May 31, 2007

Thoughts on Google Maps Street Level Photos ("Street View") and Privacy

Update (August 16, 2007): Would you believe that something very much like Google Maps "Street View" existed in 1907? Well, there are some remarkable similarities given the technology of the time, for sure. Take a look!

Greetings. The New York Times noted today that Google Maps is now displaying street level photos ("Street View") for some locations in some areas -- the list of which is sure to be expanding rapidly.

I've been asked what I thought about the privacy implications of this -- some people seem to be pretty upset.

I started noticing this feature on various Google Map searches around here in L.A. some time ago. It's certainly handy for getting a feel for what an unfamiliar place looks like before heading on over.

Given the static nature of the images, which currently are unlikely to be updated very frequently, I do not see a big privacy risk at the moment. Real estate companies are constantly snapping photos of houses in many areas for their databases -- though obviously these are not public in the way Google Maps now is. In my neck of L.A., I've seen film camera trucks bristling with lenses plowing up and down the streets shooting movie backgrounds.

In general, such photography from a public point (street, sidewalk, etc.) is legal -- though there are exceptions that can come into play for purposeful harassment and in other special cases.

However, it is possible to imagine possible situations where this feature of Google Maps could cause problems, and even potential risks for Google, depending on how Google chooses to manage the service.

So long as the images being used by Google Maps are from authenticated sources and are relatively infrequently updated, the privacy risks stay low for most locales. This isn't to say that various government agencies won't go berserk over particular images anyway -- given the ease with which you can get hassled by police these days for taking a photo of the local freeway overpass -- but by and large that won't happen for shots of most locations, to be sure.

However if Google decided to allow users to submit their own more frequently updated photos of locations, either for the official Google Maps database or through public "mashups" that link such photos to the mapping database, the situation becomes more problematic. Not only could much more frequently updated photos cross the line into real privacy violations, but the risk of photoshopped photos being submitted or used that show faked imagery would seem a real possibility. You can use your own imagination about the range of ways in which such fakes could be manipulated to attract attention, harass, or mislead.

Now, I have absolutely no indication that Google has any intention of permitting such "self-submitted" location photos scenarios. In fact, Google does have a link with which you can report "inappropriate" photos for possible removal, though if photos were faked, figuring out what was really inappropriate in different situations could get rather complex. In any case, all I'm saying here is that so long as Google Maps is using authentic photos on a reasonably infrequent update interval, the privacy risks remain relatively low in the vast majority of cases.
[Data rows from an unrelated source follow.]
lemma order_continuous_inf_small:
  fixes h :: "'a::banach_lattice"
  assumes oc: "order_continuous h" and h0: "0 \<le> h"
    and D: "D \<noteq> {}" "D \<subseteq> {y. 0 \<le> y}" "\<forall>a\<in>D. \<forall>b\<in>D. \<exists>c\<in>D. c \<le> a \<and> c \<le> b"
      "\<forall>z. (\<forall>d\<in>D. z \<le> d) \<longrightarrow> z \<le> 0"
    and "\<epsilon> > 0"
  shows "\<exists>d\<in>D. norm (inf d h) < \<epsilon>"
proof -
  let ?D = "(\<lambda>d. inf d h) ` D"
  have "?D \<noteq> {}"
    using D(1) by blast
  moreover have "?D \<subseteq> {y. 0 \<le> y \<and> y \<le> labs h}"
    using D(2) h0 by (auto simp: labs_eq_self)
  moreover have "\<exists>c\<in>?D. c \<le> a \<and> c \<le> b" if ab: "a \<in> ?D" "b \<in> ?D" for a b
  proof -
    obtain a' b' where "a' \<in> D" "b' \<in> D" "a = inf a' h" "b = inf b' h"
      using ab by blast
    moreover obtain c where "c \<in> D" "c \<le> a'" "c \<le> b'"
      using D(3) calculation(1,2) by blast
    ultimately show ?thesis
      by (intro bexI[of _ "inf c h"] conjI imageI) (simp_all add: le_infI1)
  qed
  moreover have "z \<le> 0" if z: "\<forall>d\<in>?D. z \<le> d" for z
  proof -
    have "z \<le> d" if "d \<in> D" for d
      using z that le_inf_iff by blast
    then show ?thesis
      using D(4) by blast
  qed
  ultimately have "\<exists>d\<in>?D. norm d < \<epsilon>"
    using order_continuous_def[THEN iffD1, OF oc, rule_format, of ?D \<epsilon>] assms(7) by blast
  then show ?thesis
    by blast
qed

lemma order_continuous_0: "order_continuous (0::'a::banach_lattice)"
  unfolding order_continuous_def
proof (intro allI impI; elim conjE)
  fix D :: "'a set" and \<epsilon> :: real
  assume "D \<noteq> {}" "D \<subseteq> {y. 0 \<le> y \<and> y \<le> labs 0}" "0 < \<epsilon>"
  then show "\<exists>d\<in>D. norm d < \<epsilon>"
    by (metis (no_types, lifting) antisym equals0I labs_0 mem_Collect_eq norm_zero subsetD)
qed

lemma order_continuous_add:
  fixes h1 h2 :: "'a::banach_lattice"
  assumes oc1: "order_continuous h1" "0 \<le> h1" and oc2: "order_continuous h2" "0 \<le> h2"
  shows "order_continuous (h1 + h2)"
  unfolding order_continuous_def
proof (intro allI impI; elim conjE)
  fix D :: "'a set" and \<epsilon> :: real
  assume D: "D \<noteq> {}" "D \<subseteq> {y. 0 \<le> y \<and> y \<le> labs (h1 + h2)}"
    "\<forall>a\<in>D. \<forall>b\<in>D. \<exists>c\<in>D. c \<le> a \<and> c \<le> b" "\<forall>z. (\<forall>d\<in>D. z \<le> d) \<longrightarrow> z \<le> 0"
    and \<epsilon>: "0 < \<epsilon>"
  have D_nonneg: "D \<subseteq> {y. 0 \<le> y}"
    using D(2) by blast
  have "\<epsilon> / 2 > 0"
    using \<epsilon> by simp
  then obtain d1 d2 where d1: "d1 \<in> D" "norm (inf d1 h1) < \<epsilon> / 2"
    and d2: "d2 \<in> D" "norm (inf d2 h2) < \<epsilon> / 2"
    using order_continuous_inf_small[OF oc1 D(1) D_nonneg D(3,4)]
      order_continuous_inf_small[OF oc2 D(1) D_nonneg D(3,4)] by blast
  obtain c where c: "c \<in> D" "c \<le> d1" "c \<le> d2"
    using D(3) d1(1) d2(1) by blast
  have c0: "0 \<le> c" and c_le: "c \<le> h1 + h2"
    using c(1) D(2) oc1(2) oc2(2) by (auto simp: labs_eq_self)
  have "c = inf (h1 + h2) c"
    using c_le by (simp add: inf_absorb2)
  also have "\<dots> \<le> inf h1 c + inf h2 c"
    by (rule inf_add_le_add_inf[OF oc1(2) oc2(2) c0])
  finally have "norm c \<le> norm (inf h1 c + inf h2 c)"
    by (rule norm_mono_nonneg[OF c0])
  also have "\<dots> \<le> norm (inf h1 c) + norm (inf h2 c)"
    by (rule norm_triangle_ineq)
  also have "norm (inf h1 c) \<le> norm (inf d1 h1)"
    using c(2) oc1(2) c0 by (intro norm_mono_nonneg) (simp, meson inf_le1 inf_le2 le_inf_iff order_trans)
  also have "norm (inf h2 c) \<le> norm (inf d2 h2)"
    using c(3) oc2(2) c0 by (intro norm_mono_nonneg) (simp, meson inf_le1 inf_le2 le_inf_iff order_trans)
  finally show "\<exists>d\<in>D. norm d < \<epsilon>"
    using c(1) d1(2) d2(2) by (intro bexI[of _ c]) simp_all
qed

lemma positive_add_closed_nonneg_elements:
  "positive_add_closed {h::'a::banach_lattice. 0 \<le> h}"
  unfolding positive_add_closed_def by auto

lemma positive_add_closed_order_continuous:
  "positive_add_closed {h::'a::banach_lattice. 0 \<le> h \<and> order_continuous h}"
  unfolding positive_add_closed_def using order_continuous_0 order_continuous_add by auto

lemma weakly_dispersed_eq: "weakly_dispersed = dispersed {h::'a::banach_lattice. 0 \<le> h}"
  by (simp add: fun_eq_iff weakly_dispersed_def dispersed_def un_topology_def)

lemma strongly_dispersed_eq:
  "strongly_dispersed = dispersed {h::'a::banach_lattice. 0 \<le> h \<and> order_continuous h}"
  by (simp add: fun_eq_iff strongly_dispersed_def dispersed_def una_topology_def)

lemma dispersed_iff_subtopology_eq_and_complementary:
  fixes E :: "'a::banach_lattice set"
  assumes "positive_add_closed H" "subspace E"
  shows "(dispersed H E \<longleftrightarrow> subtopology (un_topology_on H) E = top_of_set E) \<and>
         (dispersed H E \<longleftrightarrow> complementary (un_topology_on H) E)"
  using assms dispersed_imp_subtopology_eq subtopology_eq_imp_dispersed
    dispersed_imp_complementary complementary_imp_dispersed by blast

theorem proposition4p1:
  shows "openin (gap_topology :: 'a::banach_lattice set topology)
           {E. closed_subspace E \<and> weakly_dispersed E} \<and>
         openin (gap_topology :: 'a::banach_lattice set topology)
           {E. closed_subspace E \<and> strongly_dispersed E} \<and>
         (\<forall>E::'a::banach_lattice set. closed_subspace E \<longrightarrow>
           ((weakly_dispersed E \<longleftrightarrow> subtopology un_topology E = top_of_set E) \<and>
            (weakly_dispersed E \<longleftrightarrow> complementary un_topology E))) \<and>
         (\<forall>E::'a::banach_lattice set. closed_subspace E \<longrightarrow>
           ((strongly_dispersed E \<longleftrightarrow> subtopology una_topology E = top_of_set E) \<and>
            (strongly_dispersed E \<longleftrightarrow> complementary una_topology E)))"
  unfolding weakly_dispersed_eq strongly_dispersed_eq un_topology_def una_topology_def
  using openin_gap_topology_dispersed dispersed_iff_subtopology_eq_and_complementary
    positive_add_closed_nonneg_elements positive_add_closed_order_continuous
  unfolding closed_subspace_def by blast

end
A bigger risk to the service might loom in the future though. I can't count the number of times I've gotten queries from people that amount to: "My neighbor has a camera pointed at my house -- who can I report him to? I feel like my children are at risk," etc. In almost all of these cases, my response is that so long as someone is taking photos from public spaces or their own property, and isn't making a special effort to see things they couldn't otherwise normally see, such photography or video is usually permitted. That answer seems to infuriate many people.

This seems to suggest -- given the post-9/11 mentality -- that it is not impossible to imagine laws that could be written specifically to restrict the use of such street level photos, ostensibly on personal security and privacy grounds. If Google Maps were painted as a major privacy problem -- which again is an opinion I don't subscribe to, but that some others already do -- this could act as a catalyst toward the enactment of such legislation. This would be very unfortunate in the absence of genuine, major privacy concerns of a sort that do not currently exist in the Google Maps context, and that might not ever exist there if Google and its competitors use due care.

I only bring up this sort of possibility as did the "Ghost of Christmas Yet to Come" -- not as something that Will Be, but as something that Might Be -- a cautionary thought experiment, as it were.

So, bottom line -- for now the Google Maps street level photos provide a useful service and should not raise significant privacy concerns, except for a tiny percentage of photos, and they can be easily expunged. Whether this benign situation will remain the case depends upon Google's decisions regarding the service moving forward.

The late Allen Funt would probably have been amused, anyway.